Pycelle seems in reasonably good health - although his beard won't grow back and his forarm is flabby, and Cersei noticed he was looking really old when he came in to announce the death of Gyles Rosby. I would have thought Pycelle might be difficult to poison, because he knows poisons, suspects Jon Arryn was posioned, and seems cautious and particular about his food. That was before Tyrion supposedly (and actaully) raided his supply, before Joffrey's demise, that might have put him further on guard (although Tyrion's actual theft of the laxative was never detected, and the theft Pycelle fingered Tyrion for, was committed by Varys)

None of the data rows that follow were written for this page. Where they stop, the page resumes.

(* Write to_fract for the embedding K[x] -> K(x) and S(k,j) for the
   Stirling numbers of the second kind.  The operator (x-c)^t P is analysed coefficient by
   coefficient in d:
   1. theta_c^k = sum_{j<=k} S(k,j) (x-c)^j d^j; hence for q in K[t] one has
      q(theta_c) = sum_j beta_j(q) (x-c)^j d^j with beta_j(q) = sum_k q_k S(k,j).
   2. Since m^k = sum_j S(k,j) m(m-1)...(m-j+1), one gets q(m) = sum_j beta_j(q) m(m-1)...(m-j+1);
      this system is triangular, so beta_0(q) = ... = beta_{n-1}(q) = 0 iff q(0) = ... = q(n-1) = 0.
   3. The coefficient of d^j in (x-c)^t sum_i (x-c)^i p_i(theta_c) is the Laurent polynomial
      sum_i beta_j(p_i) (x-c)^(i+j+t), which lies in K[x] iff its coefficients at negative
      powers of x-c vanish.
   Together: (x-c)^t P is in W[x] iff p_i(m) = 0 whenever i + m + t < 0 (lemma
   in_Wx_shifted_iff).  The theorem is the case t = -s, after reindexing i = r + k. *)

section \<open>Polynomials inside rational functions\<close>

lemma in_Wx_iff: "in_Wx A \<longleftrightarrow> (\<forall>j. coeff A j \<in> range to_fract)"
  by (simp add: in_Wx_def to_fract_def)

lemma to_fract_power: "to_fract (x ^ n) = to_fract x ^ n"
  by (induct n) auto

lemma to_fract_const_mult: "to_fract [:a:] * to_fract p = to_fract (smult a p)"
  by (simp only: to_fract_mult[symmetric]) simp

lemma xc_eq: "xc c = to_fract [:-c, 1:]"
  by (simp add: xc_def to_fract_def)

lemma xc_power: "xc c ^ n = to_fract ([:-c, 1:] ^ n)"
  by (simp add: xc_eq to_fract_power)

lemma xc_nonzero: "xc c \<noteq> 0"
  by (simp add: xc_eq)

lemma power_int_nonneg: "n \<ge> 0 \<Longrightarrow> x powi n = x ^ nat n"
  by (metis nat_0_le power_int_of_nat)

text \<open>Substituting x + c turns powers of x - c into monomials; this is how coefficients
  with respect to powers of x - c are read off.\<close>
lemma pcompose_shift_power:
  fixes c :: "'a::comm_ring_1"
  shows "pcompose ([:-c, 1:] ^ n) [:c, 1:] = monom 1 n"
proof -
  have "pcompose ([:-c, 1:] ^ n) [:c, 1:] = pcompose [:-c, 1:] [:c, 1:] ^ n"
    by (induct n) (simp_all only: power_0 power_Suc pcompose_1 pcompose_mult)
  then show ?thesis by (simp add: pcompose_pCons monom_altdef)
qed

lemma laurent_in_polynomials_iff:
  fixes a :: "'b \<Rightarrow> 'a::{field_char_0,field_gcd}"
  assumes fin: "finite I" and inj: "inj_on e I"
  shows "(\<Sum>i\<in>I. to_fract [:a i:] * xc c powi (e i)) \<in> range to_fract
    \<longleftrightarrow> (\<forall>i\<in>I. e i < 0 \<longrightarrow> a i = 0)"
proof
  assume vanish: "\<forall>i\<in>I. e i < 0 \<longrightarrow> a i = 0"
  have "(\<Sum>i\<in>I. to_fract [:a i:] * xc c powi (e i))
      = to_fract (\<Sum>i\<in>I. if e i < 0 then 0 else [:a i:] * [:-c, 1:] ^ nat (e i))"
    using vanish by (auto simp: power_int_nonneg xc_power to_fract_const_mult intro!: sum.cong)
  then show "(\<Sum>i\<in>I. to_fract [:a i:] * xc c powi (e i)) \<in> range to_fract"
    by (simp only: rangeI)
next
  assume "(\<Sum>i\<in>I. to_fract [:a i:] * xc c powi (e i)) \<in> range to_fract"
  then obtain Q where Q: "(\<Sum>i\<in>I. to_fract [:a i:] * xc c powi (e i)) = to_fract Q" by auto
  text \<open>Clear denominators by multiplying with (x - c)^M.\<close>
  define M where "M = (\<Sum>i\<in>I. nat (- e i))"
  have M: "e i + int M \<ge> 0" if "i \<in> I" for i
  proof -
    have "nat (- e i) \<le> M" unfolding M_def by (rule member_le_sum) (use fin that in auto)
    then show ?thesis by linarith
  qed
  have "to_fract (Q * [:-c, 1:] ^ M) = (\<Sum>i\<in>I. to_fract [:a i:] * xc c powi (e i)) * xc c ^ M"
    by (simp only: to_fract_mult xc_power Q)
  also have "\<dots> = (\<Sum>i\<in>I. to_fract [:a i:] * xc c powi (e i + int M))"
    by (simp add: sum_distrib_right power_int_add xc_nonzero mult.assoc flip: power_int_of_nat)
  also have "\<dots> = to_fract (\<Sum>i\<in>I. [:a i:] * [:-c, 1:] ^ nat (e i + int M))"
    using M by (simp add: power_int_nonneg xc_power to_fract_const_mult)
  finally have "Q * [:-c, 1:] ^ M = (\<Sum>i\<in>I. [:a i:] * [:-c, 1:] ^ nat (e i + int M))"
    by (simp only: to_fract_eq_iff)
  then have "pcompose (Q * [:-c, 1:] ^ M) [:c, 1:]
      = pcompose (\<Sum>i\<in>I. [:a i:] * [:-c, 1:] ^ nat (e i + int M)) [:c, 1:]"
    by (rule arg_cong)
  then have shifted: "monom 1 M * pcompose Q [:c, 1:] = (\<Sum>i\<in>I. monom (a i) (nat (e i + int M)))"
    by (simp add: pcompose_mult pcompose_sum pcompose_smult pcompose_shift_power mult.commute smult_monom)
  show "\<forall>i\<in>I. e i < 0 \<longrightarrow> a i = 0"
  proof (intro ballI impI)
    fix i0 assume i0: "i0 \<in> I" "e i0 < 0"
    have exps: "nat (e i + int M) = nat (e i0 + int M) \<longleftrightarrow> i = i0" if "i \<in> I" for i
    proof
      assume "nat (e i + int M) = nat (e i0 + int M)"
      then have "e i = e i0" using M[OF that] M[OF i0(1)] by linarith
      then show "i = i0" using inj that i0(1) by (auto dest: inj_onD)
    qed simp
    have "a i0 = coeff (\<Sum>i\<in>I. monom (a i) (nat (e i + int M))) (nat (e i0 + int M))"
      using fin i0(1) by (simp add: coeff_sum coeff_monom exps cong: sum.cong)
    also have "\<dots> = 0"
      using i0 M[OF i0(1)] by (simp add: shifted[symmetric] coeff_monom_mult)
    finally show "a i0 = 0" .
  qed
qed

Yet he still eats it in the same chamber where he (still!) stores his unlocked neatly labelled poisons on open shelves. And the 'sweet child' that prepares his milk and honey was likely one of Varys's birds all along (although, I suppose Kevan is not to know if Pycelle's servant is the same girl as always, or another. Kevan wasn't observant enough to see anything odd about small common children swathed in furs that were not only too big for them, but too sumptuous for them to have gained honestly - only Nobles and wildlings can afford to wear fur).

But just like Ned Stark's death, the hit to the head with the candle-stick seems a perfectly sufficient explanation for Pycelle's untimely end. There doesn't seem any need to disguise a slow poisoning. Also, unlike Ned and Jon,  Pycelle has possessed the book some time - it isn't likely he has  just reached the bit the children have to kill him for, for the first time, today. And how would they know what he had or had not read? He is old and might have read Malleon back to back twenty times before they were even born. He might have had Malleon before Varys arrived from across the Narrow sea. And in order to know that Malleon had a bit worth dying for, Varys and/or his birds would have had to have read it themselves.

But I do think Ned was reading Malleon to a different purpose than Jon Arryn. Ned was looking for guilt, and we know that neither Gared nor Lady strictly deserved the punishment he gave them, in spite of his  looking into their eyes, hearing their pleas, passing their sentence, and swinging his sword. Jon was not looking for a murderer, He had brought Cersei and Robert together and saw the value of keeping them together. He had seen at least one, and far more probably, several, of Robert's bastards for himself. He was not looking for reasons to exile Lannisters. Sansa was able to see Eddard's 'proof' of Malleon's book without ever reading it, and it seems unlikely she would be the only or the first person to observe that Joffrey looked nothing like Robert Baratheon, or any Baratheon, while Edric and Renly looked like carbon copies of Robert, and people of Pycelle's age could affirm that Robert was the exact likeness of his grandparents and great-grandparents.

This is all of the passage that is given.